Staying on the topic of outsourcing, leaving alone 3rd party vendors, even the composition of the Data Science team within any organization itself is critical to its success. It just cannot be a bunch of Statisticians and Technology geeks working in silos, with no business context and a hazy mandate.

Just like the field of scientific research, you need a deeper understanding and knowledge of the subject or the business, a clear purpose which in turn helps you gain the tacit skills of patiently running experiments, framing and working on hypothesis and persevering with passion for the end result.

If I can form a simple equation for Data Science talent as below, now you tell me which element of the equation is tough and which one is a good candidate for outsourcing?

Data Science = f (Subject Matter Expertise, Data, Technology, Scientific Mindset)

Now, this should also tell you why some of the firms continue to see extreme success with Data Products and while many others, without a strong WHY, continue to struggle. Many of the new age companies have been successful with their data strategy because everyone starts from zero, ground-up, and everyone understands what they are upto from a business perspective and the culture of data and sense making gets ingrained right from Day 1.

That may not be the case with many of the mainstream firms that are so envious of the new age companies and struggle to replicate their success.
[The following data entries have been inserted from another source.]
lemma eventually_nn_integral_min_sq_less:
  assumes g: "g \<in> L2 M" and [measurable]: "\<And>n. hs n \<in> borel_measurable M"
    and conv: "loc_meas_conv M hs (\<lambda>x. 0)" and \<delta>: "0 < \<delta>"
  shows "eventually (\<lambda>n. (\<integral>\<^sup>+x. ennreal ((min \<bar>g x\<bar> \<bar>hs n x\<bar>)\<^sup>2) \<partial>M) < ennreal \<delta>) sequentially"
proof -
  have [measurable]: "g \<in> borel_measurable M" using g by (simp add: L2_def)
  obtain \<eta> N \<epsilon> where N: "0 < N" and \<epsilon>: "0 < \<epsilon>"
    and fin: "emeasure M {x\<in>space M. \<eta> < \<bar>g x\<bar>} < \<infinity>"
    and small: "(\<integral>\<^sup>+x. ennreal (if \<eta> < \<bar>g x\<bar> \<and> \<bar>g x\<bar> \<le> N then 0 else (g x)\<^sup>2) \<partial>M)
      + ennreal (\<epsilon>\<^sup>2) * emeasure M {x\<in>space M. \<eta> < \<bar>g x\<bar>} < ennreal (\<delta> / 2)"
    by (rule exists_annulus_tail_less[OF g, of "\<delta> / 2"]) (auto simp: \<delta>)
  have "(\<lambda>n. emeasure M ({x\<in>space M. \<eta> < \<bar>g x\<bar>} \<inter> {x\<in>space M. \<epsilon> < \<bar>hs n x - 0\<bar>})) \<longlonglongrightarrow> 0"
    using conv \<epsilon> fin unfolding loc_meas_conv_def by (auto simp del: diff_0_right)
  moreover have "{x\<in>space M. \<eta> < \<bar>g x\<bar>} \<inter> {x\<in>space M. \<epsilon> < \<bar>hs n x - 0\<bar>}
      = {x\<in>space M. \<eta> < \<bar>g x\<bar> \<and> \<epsilon> < \<bar>hs n x\<bar>}" for n
    by auto
  ultimately have "eventually (\<lambda>n. emeasure M {x\<in>space M. \<eta> < \<bar>g x\<bar> \<and> \<epsilon> < \<bar>hs n x\<bar>}
      < ennreal (\<delta> / (2 * N\<^sup>2))) sequentially"
    using \<delta> N by (intro order_tendstoD(2)) auto
  then show ?thesis
  proof eventually_elim
    case (elim n)
    have "ennreal (N\<^sup>2) * emeasure M {x\<in>space M. \<eta> < \<bar>g x\<bar> \<and> \<epsilon> < \<bar>hs n x\<bar>}
        < ennreal (N\<^sup>2) * ennreal (\<delta> / (2 * N\<^sup>2))"
      using elim N by (intro ennreal_mult_strict_left_mono) auto
    also have "\<dots> = ennreal (\<delta> / 2)"
      using \<delta> N by (simp add: ennreal_mult[symmetric])
    finally have S: "ennreal (N\<^sup>2) * emeasure M {x\<in>space M. \<eta> < \<bar>g x\<bar> \<and> \<epsilon> < \<bar>hs n x\<bar>}
      < ennreal (\<delta> / 2)" .
    have "(\<integral>\<^sup>+x. ennreal ((min \<bar>g x\<bar> \<bar>hs n x\<bar>)\<^sup>2) \<partial>M)
      \<le> (\<integral>\<^sup>+x. ennreal (if \<eta> < \<bar>g x\<bar> \<and> \<bar>g x\<bar> \<le> N then 0 else (g x)\<^sup>2) \<partial>M)
        + ennreal (\<epsilon>\<^sup>2) * emeasure M {x\<in>space M. \<eta> < \<bar>g x\<bar>}
        + ennreal (N\<^sup>2) * emeasure M {x\<in>space M. \<eta> < \<bar>g x\<bar> \<and> \<epsilon> < \<bar>hs n x\<bar>}"
      by (rule nn_integral_min_sq_le) measurable
    also have "\<dots> < ennreal (\<delta> / 2) + ennreal (\<delta> / 2)"
      using small S by (rule add_strict_mono)
    also have "\<dots> = ennreal \<delta>"
      using \<delta> by (simp add: ennreal_plus[symmetric] del: ennreal_plus)
    finally show ?case .
  qed
qed

lemma exists_med3_nn_integral_less:
  assumes [measurable]: "\<And>n. hs n \<in> borel_measurable M" and conv: "loc_meas_conv M hs (\<lambda>x. 0)"
    and freq: "frequently P sequentially" and L2: "\<And>n. P n \<Longrightarrow> hs n \<in> L2 M" and \<delta>: "0 < \<delta>"
  shows "\<exists>a b c. P a \<and> P b \<and> P c \<and>
    (\<integral>\<^sup>+x. ennreal ((med3 (hs a x) (hs b x) (hs c x))\<^sup>2) \<partial>M) < ennreal \<delta>"
proof -
  let ?I = "\<lambda>i j. \<integral>\<^sup>+x. ennreal ((min \<bar>hs i x\<bar> \<bar>hs j x\<bar>)\<^sup>2) \<partial>M"
  have ev: "eventually (\<lambda>n. ?I i n < ennreal (\<delta> / 3)) sequentially" if "P i" for i
    using \<delta> by (intro eventually_nn_integral_min_sq_less[OF L2[OF that] _ conv]) auto
  obtain a where a: "P a" using frequently_ex[OF freq] ..
  obtain b where b: "P b" "?I a b < ennreal (\<delta> / 3)"
    using frequently_ex[OF frequently_eventually_frequently[OF freq ev[OF a]]] by blast
  obtain c where c: "P c" "?I a c < ennreal (\<delta> / 3)" "?I b c < ennreal (\<delta> / 3)"
    using frequently_ex[OF frequently_eventually_frequently[OF freq eventually_conj[OF ev[OF a] ev[OF b(1)]]]]
    by blast
  have "(\<integral>\<^sup>+x. ennreal ((med3 (hs a x) (hs b x) (hs c x))\<^sup>2) \<partial>M)
      \<le> (\<integral>\<^sup>+x. ennreal ((min \<bar>hs a x\<bar> \<bar>hs b x\<bar>)\<^sup>2) + ennreal ((min \<bar>hs a x\<bar> \<bar>hs c x\<bar>)\<^sup>2)
          + ennreal ((min \<bar>hs b x\<bar> \<bar>hs c x\<bar>)\<^sup>2) \<partial>M)"
    by (intro nn_integral_mono) (simp add: med3_sq_le ennreal_plus[symmetric] ennreal_leI del: ennreal_plus)
  also have "\<dots> = ?I a b + ?I a c + ?I b c"
    by (simp add: nn_integral_add)
  also have "\<dots> < ennreal (\<delta> / 3) + ennreal (\<delta> / 3) + ennreal (\<delta> / 3)"
    using b c by (intro add_strict_mono)
  also have "\<dots> = ennreal \<delta>"
    using \<delta> by (simp add: ennreal_plus[symmetric] del: ennreal_plus)
  finally show ?thesis using a b c by blast
qed

lemma exists_med3_seq_tendsto_zero:
  assumes [measurable]: "\<And>n. hs n \<in> borel_measurable M" and conv: "loc_meas_conv M hs (\<lambda>x. 0)"
    and freq: "frequently P sequentially" and L2: "\<And>n. P n \<Longrightarrow> hs n \<in> L2 M"
  obtains a b c where "\<And>k. P (a k) \<and> P (b k) \<and> P (c k)"
    "(\<lambda>k. \<integral>\<^sup>+x. ennreal ((med3 (hs (a k) x) (hs (b k) x) (hs (c k) x))\<^sup>2) \<partial>M) \<longlonglongrightarrow> 0"
proof -
  have "\<forall>k. \<exists>a b c. P a \<and> P b \<and> P c \<and>
      (\<integral>\<^sup>+x. ennreal ((med3 (hs a x) (hs b x) (hs c x))\<^sup>2) \<partial>M) < ennreal (inverse (real (Suc k)))"
    using exists_med3_nn_integral_less[OF assms] by simp
  then obtain a b c where abc: "\<And>k. P (a k) \<and> P (b k) \<and> P (c k)"
    and small: "\<And>k. (\<integral>\<^sup>+x. ennreal ((med3 (hs (a k) x) (hs (b k) x) (hs (c k) x))\<^sup>2) \<partial>M)
      < ennreal (inverse (real (Suc k)))"
    by metis
  have "(\<lambda>k. \<integral>\<^sup>+x. ennreal ((med3 (hs (a k) x) (hs (b k) x) (hs (c k) x))\<^sup>2) \<partial>M) \<longlonglongrightarrow> 0"
  proof (rule tendsto_sandwich[OF _ _ tendsto_const])
    show "eventually (\<lambda>k. (\<integral>\<^sup>+x. ennreal ((med3 (hs (a k) x) (hs (b k) x) (hs (c k) x))\<^sup>2) \<partial>M)
        \<le> ennreal (inverse (real (Suc k)))) sequentially"
      by (intro always_eventually allI less_imp_le small)
    show "(\<lambda>k. ennreal (inverse (real (Suc k)))) \<longlonglongrightarrow> 0"
      using tendsto_ennrealI[OF LIMSEQ_inverse_real_of_nat] by simp
  qed simp
  with abc show ?thesis by (rule that)
qed

lemma L2_conv_if_nn_integral_tendsto:
  assumes [measurable]: "\<And>k. w k \<in> borel_measurable M" "f \<in> borel_measurable M"
    and lim: "(\<lambda>k. \<integral>\<^sup>+x. ennreal ((w k x - f x)\<^sup>2) \<partial>M) \<longlonglongrightarrow> 0"
  shows "L2_conv M w f"
proof -
  have "integral\<^sup>L M (\<lambda>x. (w k x - f x)\<^sup>2) = enn2real (\<integral>\<^sup>+x. ennreal ((w k x - f x)\<^sup>2) \<partial>M)" for k
    by (rule integral_eq_nn_integral) auto
  moreover have "(\<lambda>k. enn2real (\<integral>\<^sup>+x. ennreal ((w k x - f x)\<^sup>2) \<partial>M)) \<longlonglongrightarrow> 0"
    using tendsto_enn2real[of _ 0] lim by simp
  ultimately show ?thesis
    by (simp add: L2_conv_def)
qed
They continue to juggle between their legacy and strategic priorities, often taking shortcuts for quick wins.

As a remedy, the strategy some of the legacy firms could adopt are around these areas.

A belief in a data driven culture that resonates across the organization, not just limited to producing scorecards, but deriving and measuring outcomes purely based on data products.
Strong integration of their business teams with the Data Science teams – not just limited to partnerships – the business experts should believe in and drive the Data Strategy and very much be ‘part’ of the Data Science efforts for sustained success.
Build talent in-house by re-training some of the highly motivated staff from both Business and Technology and move them into Data Science. You just cannot afford to leave your success to few quants with zero business context. I always believe Technology, especially in this age, is so easy to learn than a scientific mindset or deep expertise in a subject.
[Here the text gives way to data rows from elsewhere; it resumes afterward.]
(* Let $\mathcal D$ be a distribution of $(x,y)\in\mathbb R^d\times\{-1,+1\}$ with $x$ having finite second moments, let $\lambda>0$, and let $w^*=(w_1^*,\dots,w_d^* )$ be a minimizer of $\mathcal L(w)=\mathbb E_{(x,y)\sim\mathcal D}[\max(0,1-yw^\top x)]+\frac{\lambda}{2}\|w\|_2^2$. Suppose that the coordinates of $x$ are mutually independent conditionally on $y$. If a coordinate $i$ satisfies $\mathbb E[x_i\mid y=-1]\le 0\le \mathbb E[x_i\mid y=1]$, then $w_i^*\ge 0$. If instead $\mathbb E[x_i\mid y=1]\le 0\le \mathbb E[x_i\mid y=-1]$, then $w_i^*\le 0$. *)

theory Defs
  imports "HOL-Probability.Probability"
begin

text \<open>The data distribution D is the joint law of a random pair (X, Y) on a
probability space M, with X valued in R^d (here real^'d) and Y in {-1,+1}.\<close>

definition cond_event :: "'w measure \<Rightarrow> ('w \<Rightarrow> real) \<Rightarrow> real \<Rightarrow> 'w set" where
  "cond_event M Y c = {\<omega> \<in> space M. Y \<omega> = c}"

definition cond_exp_given :: "'w measure \<Rightarrow> ('w \<Rightarrow> real) \<Rightarrow> real \<Rightarrow> ('w \<Rightarrow> real) \<Rightarrow> real" where
  "cond_exp_given M Y c f = integral\<^sup>L (uniform_measure M (cond_event M Y c)) f"

definition hinge_objective ::
  "'w measure \<Rightarrow> ('w \<Rightarrow> real^'d) \<Rightarrow> ('w \<Rightarrow> real) \<Rightarrow> real \<Rightarrow> real^'d \<Rightarrow> real" where
  "hinge_objective M X Y lam w =
     integral\<^sup>L M (\<lambda>\<omega>. max 0 (1 - Y \<omega> * (w \<bullet> X \<omega>))) + lam / 2 * (norm w)^2"

end

theory Submission
  imports Defs
begin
Going back to the John Snow story, how successful the end result would have been, if he had outsourced his research to someone else?

If we were to think of the above Data Science talent problem as a linear equation, if knowledge levels and tacit thinking skills are the constraints on the different variables, to maximize the effectiveness of the Data Science output, which constraint do you feel is the most significant and a scarce commodity? And, which variable do you feel is easy to be sourced from outside?

There lies your answer to improve Data Science team effectiveness.